Early Academis Science and the Birth of Industrial Research Laboratories in the U.S. Pharmaceutical Industry

The establishment and growth of industrial research laboratories is one of the key organizational innovations affecting technological progress in the United States in the 20th century. In this paper, we investigate the rise of industrial research laboratories in the U.S. pharmaceutical industry between 1927 and 1946. Our evidence suggests that institutional factors, namely the presence of universities dedicated to research, played a significant role in the establishment and diffusion of private pharmaceutical research laboratories. Specifically, we document that the growth of industrial pharmaceutical laboratories between 1927 and 1946 is positively and significantly correlated with the extent of local university research, after controlling for other observable factors likely to influence the geographic distribution of industrial research. We supplement our core results with case histories illustrative of early university-industry interaction and an examination of the determinants of university-industry research cooperation. Our qualitative historical evidence and analyses of the birth of chemical engineering programs suggest that industry also played a role in influencing university research agendas. We correct for feedback effects from industry to universities using instrumental variables. Overall, our analyses suggest that while the presence of industrial facilities helped shape the direction of university research programs, there was a significant, positive, and causal effect running from university research to the growth of pharmaceutical research laboratories in the first half of the twentieth century in the United States.

Climbing Atop the Shoulders of Giants: The Impact of Institutions on Cumulative Research

While the cumulative nature of knowledge is recognized as central to economic growth, the microeconomic foundations of cumulativeness are less understood. This paper investigates the impact of a research-enhancing institution on cumulativeness, highlighting two effects. First, a selection effect may result in a high correlation between "high-quality" institutions and knowledge of high intrinsic quality. Second, an institution may have a marginal impact -- an incremental influence on cumulativeness, conditional on the type and quality of knowledge considered. This paper distinguishes these effects in the context of a specific institution, biological resource centers (BRCs). BRCs are "living libraries" that authenticate, preserve, and offer independent access to biological materials, such as cells, cultures, and specimens. BRCs may enhance the cumulativeness of knowledge by reducing the marginal cost to researchers of drawing on prior research efforts. We exploit three key aspects of the environment in which BRCs operate to evaluate how they affect the cumulativeness of knowledge: (a) the impact of scientific knowledge is reflected in future scientific citations, (b) deposit into BRCs often occurs with a substantial lag after initial research is completed and published, and (c) "lagged" deposits often result from shocks unrelated to the characteristics of the materials themselves. Employing a difference-in-differences estimator linking specific materials deposits to journal articles, we find evidence for both selection effects and the marginal impact of BRCs on the cumulativeness of knowledge associated with deposited materials. Moreover, the marginal impact increases with time and varies with the economic and institutional conditions in which deposit occurs.

The Determinants of National Innovative Capacity

Motivated by differences in R&D productivity across advanced economies, this paper presents an empirical examination of the determinants of country-level production of international patents. We introduce a novel framework based on the concept of national innovative capacity. National innovative capacity is the ability of a country to produce and commercialize a flow of innovative technology over the long term. National innovative capacity depends on the strength of a nation's common innovation infrastructure (cross-cutting factors which contribute broadly to innovativeness throughout the economy), the environment for innovation in its leading industrial clusters, and the strength of linkages between these two areas. We use this framework to guide our empirical exploration into the determinants of country-level R&D productivity, specifically examining the relationship between international patenting (patenting by foreign countries in the United States) and variables associated with the national innovative capacity framework.
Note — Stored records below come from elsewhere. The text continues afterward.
(* For all $q\ge 4$ and all integers $n\ge 1$, $\kappa^{\min}_{n,q}\ge \lfloor n/2-\log_q(n)\rfloor$.
   Context: Let $q\ge 2$, $A=\{0,1,\dots,q-1\}$, $[n]=\{1,\dots,n\}$, and let $F(n,q)$ be the set of all maps $A^n\to A^n$. For $f\in F(m,q)$ and $i\in[m]$, $f_i$ is the $i$-th coordinate function and $f^i(x)=(x_1,\dots,x_{i-1},f_i(x),x_{i+1},\dots,x_m)$; for a word $w=(w_1,\dots,w_t)$ over $[m]$, $f^w=f^{w_t}\circ\cdots\circ f^{w_1}$. $\Pi([m])$ is the set of permutations of $[m]$ written as words $(w_1,\dots,w_m)$. $\mathrm{pr}_{[n]}:A^m\to A^n$ is the projection onto the first $n$ coordinates. For $m\ge n$, $(f,w)$ with $f\in F(m,q)$, $w\in\Pi([m])$ sequentializes $h\in F(n,q)$ if $\mathrm{pr}_{[n]}\circ f^w=h\circ\mathrm{pr}_{[n]}$. $\kappa^{\min}(h)$ is the smallest $k\ge 0$ such that there exist $f\in F(n+k,q)$ and $w\in\Pi([n+k])$ with $(f,w)$ sequentializing $h$, and $\kappa^{\min}_{n,q}=\max\{\kappa^{\min}(h): h\in F(n,q)\}$. *)

theory Defs
  imports Complex_Main "HOL-Library.FuncSet"
begin

text \<open>Elements of A^n, A = {0,...,q-1}, as lists of length n; coordinates are 0-based.\<close>
definition states :: "nat \<Rightarrow> nat \<Rightarrow> nat list set" where
  "states q n = {x. length x = n \<and> set x \<subseteq> {..<q}}"

definition upd_coord :: "(nat list \<Rightarrow> nat list) \<Rightarrow> nat \<Rightarrow> nat list \<Rightarrow> nat list" where
  "upd_coord f i x = x[i := (f x) ! i]"

text \<open>f^w = f^{w_t} o ... o f^{w_1} (w_1 applied first).\<close>
definition seq_update :: "(nat list \<Rightarrow> nat list) \<Rightarrow> nat list \<Rightarrow> nat list \<Rightarrow> nat list" where
  "seq_update f w = fold (\<lambda>i. upd_coord f i) w"

definition is_perm_word :: "nat \<Rightarrow> nat list \<Rightarrow> bool" where
  "is_perm_word m w \<longleftrightarrow> distinct w \<and> set w = {..<m}"

definition sequentializes ::
  "nat \<Rightarrow> nat \<Rightarrow> nat \<Rightarrow> (nat list \<Rightarrow> nat list) \<Rightarrow> nat list \<Rightarrow> (nat list \<Rightarrow> nat list) \<Rightarrow> bool" where
  "sequentializes q n m f w h \<longleftrightarrow>
     n \<le> m \<and> f \<in> states q m \<rightarrow> states q m \<and> is_perm_word m w \<and>
     (\<forall>x\<in>states q m. take n (seq_update f w x) = h (take n x))"

definition kappa_min :: "nat \<Rightarrow> nat \<Rightarrow> (nat list \<Rightarrow> nat list) \<Rightarrow> nat" where
  "kappa_min q n h = (LEAST k. \<exists>f w. sequentializes q n (n + k) f w h)"

text \<open>F(n,q): maps A^n -> A^n, represented extensionally.\<close>
definition kappa_min_nq :: "nat \<Rightarrow> nat \<Rightarrow> nat" where
  "kappa_min_nq n q = Max ((kappa_min q n) ` (states q n \<rightarrow>\<^sub>E states q n))"

end

theory Submission
  imports Defs "HOL-Library.Disjoint_Sets"
begin

(*
  Split the update order as w = w1 @ w2 so that w1 touches exactly K of the original coordinates,
  and let A be the set of these K coordinates. Run w1 on an input padded with zeros:
  afterwards the coordinates in A already hold their final values (w2 never touches them again),
  while the other original coordinates still hold the input. So on a set P of inputs that agree
  outside A and on which h is injective but constant on A, the state after w1 is determined by the
  k auxiliary coordinates, and |P| <= q^k.

  Conversely, a greedy averaging argument places such sets P_A of size > q^(K-1), pairwise disjoint,
  into A-cylinders for all K-subsets A at once, as long as 2^n q^(K+1) < (q-1) q^n, which holds for
  K <= n/2 - log_q n. Mapping each P_A injectively to vectors vanishing on A (there is room since
  2K <= n) yields an h that needs at least K auxiliary coordinates.
*)

lemma states_eq_lists: "states q n = {xs. set xs \<subseteq> {..<q} \<and> length xs = n}"
  by (auto simp: states_def)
While acknowledging important measurement issues arising from the use of patent data, we provide evidence for several findings. First, the production function for international patents is surprisingly well-characterized by a small but relatively nuanced set of observable factors, including R&D manpower and spending, aggregate policy choices such as the extent of IP protection and openness to international trade, and the share of research performed by the academic sector and funded by the private sector. As well, international patenting productivity depends on each individual country's knowledge stock.' Further, the predicted level of national innovative capacity has an important impact on more downstream commercialization and diffusion activities (such as achieving a high market share of high-technology export markets). Finally, there has been convergence among OECD countries in terms of the estimated level of innovative capacity over the past quarter century.